Extracted entries -
definition certificates :: "nat \<Rightarrow> (nat list list \<times> int list list) list" where
  "certificates m =
    (if m = 1 then
      [([[1]], [[1, 0, 0], [0, 1, 0], [1, 1, 0]])]
     else if m = 2 then
      [([[1, 2], [2, 1]],
        [[-3, 2, 1], [2, -3, 8], [-2, 3, 1], [0, -1, 1], [4, 9, 1], [2, -3, 1]])]
     else if m = 3 then
      [([[1, 2, 3], [2, 3, 1], [3, 1, 2]],
        [[-4, 3, 1], [-1, -3, 1], [0, 1, 1], [14, -57, 1], [6, 17, 1], [10, -3, 8],
         [-51, -109, 27], [-380, 543, 125], [56, 111, 343]])]
     else if m = 4 then
      [([[1, 2, 3, 4], [2, 1, 4, 3], [3, 4, 1, 2], [4, 3, 2, 1]],
        [[-3, 4, 1], [7, -24, 1], [3, 8, 1], [-2, -3, 1], [10, -15, 8], [-145, 144, 125],
         [-123, -80, 27], [49, 360, 1], [-6579, 8372, 4913], [18929, -37128, 12167],
         [7749, 40664, 343], [-9074, -8211, 2197]]),
       ([[1, 2, 3, 4], [2, 1, 4, 3], [3, 4, 2, 1], [4, 3, 1, 2]],
        [[-12, 30, 1], [-6, -15, 8], [-9, -27, 1], [-1, 3, 1], [324, -1647, 64], [48, 244, 27],
         [363, 7095, 1], [33, -645, 1331], [-1049412, -3503310, 753571],
         [-1540266, 5141955, 238328], [-235225, -430389, 15625], [-545625, 998325, 912673]]),
       ([[1, 2, 3, 4], [2, 3, 4, 1], [3, 4, 1, 2], [4, 1, 2, 3]],
        [[-12, 30, 1], [-9, -27, 1], [-6, -15, 8], [-1, 3, 1], [324, -1647, 64], [363, 7095, 1],
         [48, 244, 27], [33, -645, 1331], [-1049412, -3503310, 753571],
         [-235225, -430389, 15625], [-1540266, 5141955, 238328], [-545625, 998325, 912673]]),
       ([[1, 2, 3, 4], [2, 4, 1, 3], [3, 1, 4, 2], [4, 3, 2, 1]],
        [[-12, 30, 1], [-9, -27, 1], [-1, 3, 1], [-6, -15, 8], [324, -1647, 64], [363, 7095, 1],
         [33, -645, 1331], [48, 244, 27], [-1049412, -3503310, 753571],
         [-235225, -430389, 15625], [-545625, 998325, 912673], [-1540266, 5141955, 238328]])]
     else [])"
text \<open>\<open>\<rho>\<close> is the proportion of transversal sets among all \<open>|\<pi>|\<close>-subsets of positions.\<close>
lemma occ_t_sandwiched:
  assumes "0 < length a" "length \<pi> \<le> length b"
  defines "\<rho> \<equiv> real ((length b choose length \<pi>) * length a ^ length \<pi>) / real (length c choose length \<pi>)"
  shows "occ_t \<pi> b * \<rho> \<le> occ_t \<pi> c" "occ_t \<pi> c \<le> occ_t \<pi> b * \<rho> + (1 - \<rho>)" "\<rho> \<le> 1"
proof -
  define k where "k = length \<pi>"
  define N where "N = length c choose k"
  define M where "M = (length b choose k) * length a ^ k"
  have bounds: "occ \<pi> b * length a ^ k \<le> occ \<pi> c" "occ \<pi> c \<le> occ \<pi> b * length a ^ k + (N - M)"
    "M \<le> N"
    using occ_bounds[OF assms(1), of \<pi>] unfolding k_def N_def M_def by auto
  have "k \<le> length c"
    using assms length_c unfolding k_def by (metis One_nat_def Suc_leI le_trans mult_le_mono1 mult_1)
  then have N_pos: "0 < N"
    unfolding N_def by simp
  have "0 < length b choose k"
    using assms(2) unfolding k_def by simp
  then have main_term: "real (occ \<pi> b * length a ^ k) / real N = occ_t \<pi> b * \<rho>"
    using assms(2) unfolding occ_t_def \<rho>_def k_def N_def by simp
  have occ_t_c: "occ_t \<pi> c = real (occ \<pi> c) / real N"
    using \<open>k \<le> length c\<close> unfolding occ_t_def N_def k_def by simp
  have "real (occ \<pi> b * length a ^ k) \<le> real (occ \<pi> c)"
    using bounds(1) by (simp only: of_nat_le_iff)
  then have "real (occ \<pi> b * length a ^ k) / real N \<le> real (occ \<pi> c) / real N"
    by (rule divide_right_mono) simp
  then show "occ_t \<pi> b * \<rho> \<le> occ_t \<pi> c"
    unfolding occ_t_c main_term .
  have "real (occ \<pi> c) \<le> real (occ \<pi> b * length a ^ k + (N - M))"
    using bounds(2) by (simp only: of_nat_le_iff)
  also have "\<dots> = real (occ \<pi> b * length a ^ k) + (real N - real M)"
    using bounds(3) by (simp add: of_nat_diff)
  finally have "real (occ \<pi> c) / real N
      \<le> (real (occ \<pi> b * length a ^ k) + (real N - real M)) / real N"
    by (rule divide_right_mono) simp
  also have "\<dots> = occ_t \<pi> b * \<rho> + (1 - \<rho>)"
    using N_pos main_term unfolding \<rho>_def M_def N_def k_def by (simp add: field_simps)
  finally show "occ_t \<pi> c \<le> occ_t \<pi> b * \<rho> + (1 - \<rho>)"
    unfolding occ_t_c .
  have "\<rho> = real M / real N"
    unfolding \<rho>_def M_def N_def k_def ..
  moreover have "real M \<le> real N"
    using bounds(3) by (simp only: of_nat_le_iff)
  ultimately show "\<rho> \<le> 1"
    using N_pos by simp
qed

Your goal -
Check every line of the listing for the string "open" and report how many lines have it, as a number alone.

Task output -
2